%%

(* Let $\kappa$ be an uncountable regular cardinal and let $\mathcal{I}$ be a $\kappa$-complete proper ideal on $\kappa$ containing every bounded subset of $\kappa$, and suppose $\mathcal{I}$ contains an unbounded subset of $\kappa$. Let $\nu\in\{2,\kappa\}$. Then the class of $\mathcal{I}$-analytic subsets of ${}^{\kappa}\nu$ is closed under unions of at most $2^\kappa$ sets.
   Context: Work in ZFC. For $\mu\in\{2,\kappa\}$, ${}^{\kappa}\mu$ is the set of functions $\kappa\to\mu$. For $f\colon D\to\mu$ with $D\in\mathcal{I}$ let $\mathbf{N}_f=\{x\in{}^{\kappa}\mu: f\subseteq x\}$; the $\mathcal{I}$-topology $\tau_{\mathcal{I}}$ on ${}^{\kappa}\mu$ is generated by these sets. A function ${}^{\kappa}\kappa\to{}^{\kappa}\nu$ is $\mathcal{I}$-continuous if it is continuous when both spaces carry $\tau_{\mathcal{I}}$. A set $A\subseteq{}^{\kappa}\nu$ is $\mathcal{I}$-analytic if either $A=\emptyset$ or there are a $\tau_{\mathcal{I}}$-closed set $C\subseteq{}^{\kappa}\kappa$ and an $\mathcal{I}$-continuous function $\Phi\colon{}^{\kappa}\kappa\to{}^{\kappa}\nu$ with $\Phi(C)=A$. *)

theory Defs
  imports "HOL-Analysis.Analysis"
begin

text \<open>The cardinal kappa is represented by a cardinal well-order r on a type 'k
  (Field r = UNIV); ordinals below kappa are the elements of 'k.\<close>

definition uncountable_regular_cardinal :: "'k rel \<Rightarrow> bool" where
  "uncountable_regular_cardinal r \<longleftrightarrow>
     Card_order r \<and> Field r = UNIV \<and> \<not> countable (UNIV :: 'k set) \<and> regularCard r"

definition bounded_in :: "'k rel \<Rightarrow> 'k set \<Rightarrow> bool" where
  "bounded_in r A \<longleftrightarrow> (\<exists>\<beta>. \<forall>\<alpha>\<in>A. (\<alpha>, \<beta>) \<in> r)"

definition good_ideal :: "'k rel \<Rightarrow> 'k set set \<Rightarrow> bool" where
  "good_ideal r I \<longleftrightarrow>
     (\<forall>A B. A \<in> I \<longrightarrow> B \<subseteq> A \<longrightarrow> B \<in> I) \<and>
     (\<forall>F. F \<subseteq> I \<longrightarrow> (card_of F, r) \<in> ordLess \<longrightarrow> \<Union>F \<in> I) \<and>
     UNIV \<notin> I \<and>
     (\<forall>A. bounded_in r A \<longrightarrow> A \<in> I)"

text \<open>The value set nu: either kappa itself (all of 'k), or the ordinal 2 = {0,1},
  i.e. the set of predecessors of the element of r having exactly two predecessors.\<close>
definition nu_choice :: "'k rel \<Rightarrow> 'k set \<Rightarrow> bool" where
  "nu_choice r V \<longleftrightarrow> V = UNIV \<or> (\<exists>t. V = underS r t \<and> card (underS r t) = 2)"

definition fspace :: "'k set \<Rightarrow> ('k \<Rightarrow> 'k) set" where
  "fspace V = {x. \<forall>a. x a \<in> V}"

text \<open>Basic open set N_f for f : D \<rightarrow> nu (f given by its values on D).\<close>
definition Nbhd :: "'k set \<Rightarrow> 'k set \<Rightarrow> ('k \<Rightarrow> 'k) \<Rightarrow> ('k \<Rightarrow> 'k) set" where
  "Nbhd V D f = {x \<in> fspace V. \<forall>d\<in>D. x d = f d}"

definition I_topology :: "'k set set \<Rightarrow> 'k set \<Rightarrow> ('k \<Rightarrow> 'k) topology" where
  "I_topology I V = subtopology
      (topology_generated_by {Nbhd V D f | D f. D \<in> I \<and> f ` D \<subseteq> V}) (fspace V)"

definition I_analytic :: "'k set set \<Rightarrow> 'k set \<Rightarrow> ('k \<Rightarrow> 'k) set \<Rightarrow> bool" where
  "I_analytic I V A \<longleftrightarrow> A = {} \<or>
     (\<exists>C \<Phi>. closedin (I_topology I UNIV) C \<and>
            continuous_map (I_topology I UNIV) (I_topology I V) \<Phi> \<and> \<Phi> ` C = A)"

end

(*
  Fix an unbounded U in the ideal. By regularity |U| = kappa, so the (nonempty) sets of the family
  can be indexed injectively by subsets of U. Via a bijection kappa x kappa = kappa, split each
  x : kappa -> kappa pointwise into a tag part and a content part: the set of points of U where the
  tag takes a fixed value selects a member A of the family, and the content part is fed to the
  closed set and continuous map witnessing that A is analytic. The selector depends only on x
  restricted to U, an element of the ideal, so it is locally constant in the I-topology, and gluing
  the witnesses along this clopen partition gives a single witness for the union. Nothing about the
  value set nu is used.
*)
theory Submission
  imports Defs
begin

lemma Union_Nbhd_UNIV:
  assumes "I \<noteq> {}"
  shows "\<Union>{Nbhd UNIV D f | D f. D \<in> I} = UNIV"
proof -
  obtain D where "D \<in> I" using assms by blast
  then have "x \<in> Nbhd UNIV D x" "Nbhd UNIV D x \<in> {Nbhd UNIV D f | D f. D \<in> I}" for x
    by (auto simp: Nbhd_def fspace_def)
  then show ?thesis by blast
qed

lemma I_topology_UNIV:
  assumes "I \<noteq> {}"
  shows "I_topology I UNIV = topology_generated_by {Nbhd UNIV D f | D f. D \<in> I}"
  using Union_Nbhd_UNIV[OF assms]
  by (simp add: I_topology_def fspace_def flip: topology_generated_by_topspace)

lemma topspace_I_topology_UNIV:
  assumes "I \<noteq> {}"
  shows "topspace (I_topology I UNIV) = UNIV"
  using Union_Nbhd_UNIV[OF assms] by (simp add: I_topology_UNIV assms)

%%

§ **WHAT IS REQUIRED**:
Write out the lines above exactly, but only from the one containing "by (auto simp: Nbhd_def fspace_def)" through the last one.

§ **REPLY TO THE EXERCISE**:
    by (auto simp: Nbhd_def fspace_def)
  then show ?thesis by blast
qed

lemma I_topology_UNIV:
  assumes "I \<noteq> {}"
  shows "I_topology I UNIV = topology_generated_by {Nbhd UNIV D f | D f. D \<in> I}"
  using Union_Nbhd_UNIV[OF assms]
  by (simp add: I_topology_def fspace_def flip: topology_generated_by_topspace)

lemma topspace_I_topology_UNIV:
  assumes "I \<noteq> {}"
  shows "topspace (I_topology I UNIV) = UNIV"
  using Union_Nbhd_UNIV[OF assms] by (simp add: I_topology_UNIV assms)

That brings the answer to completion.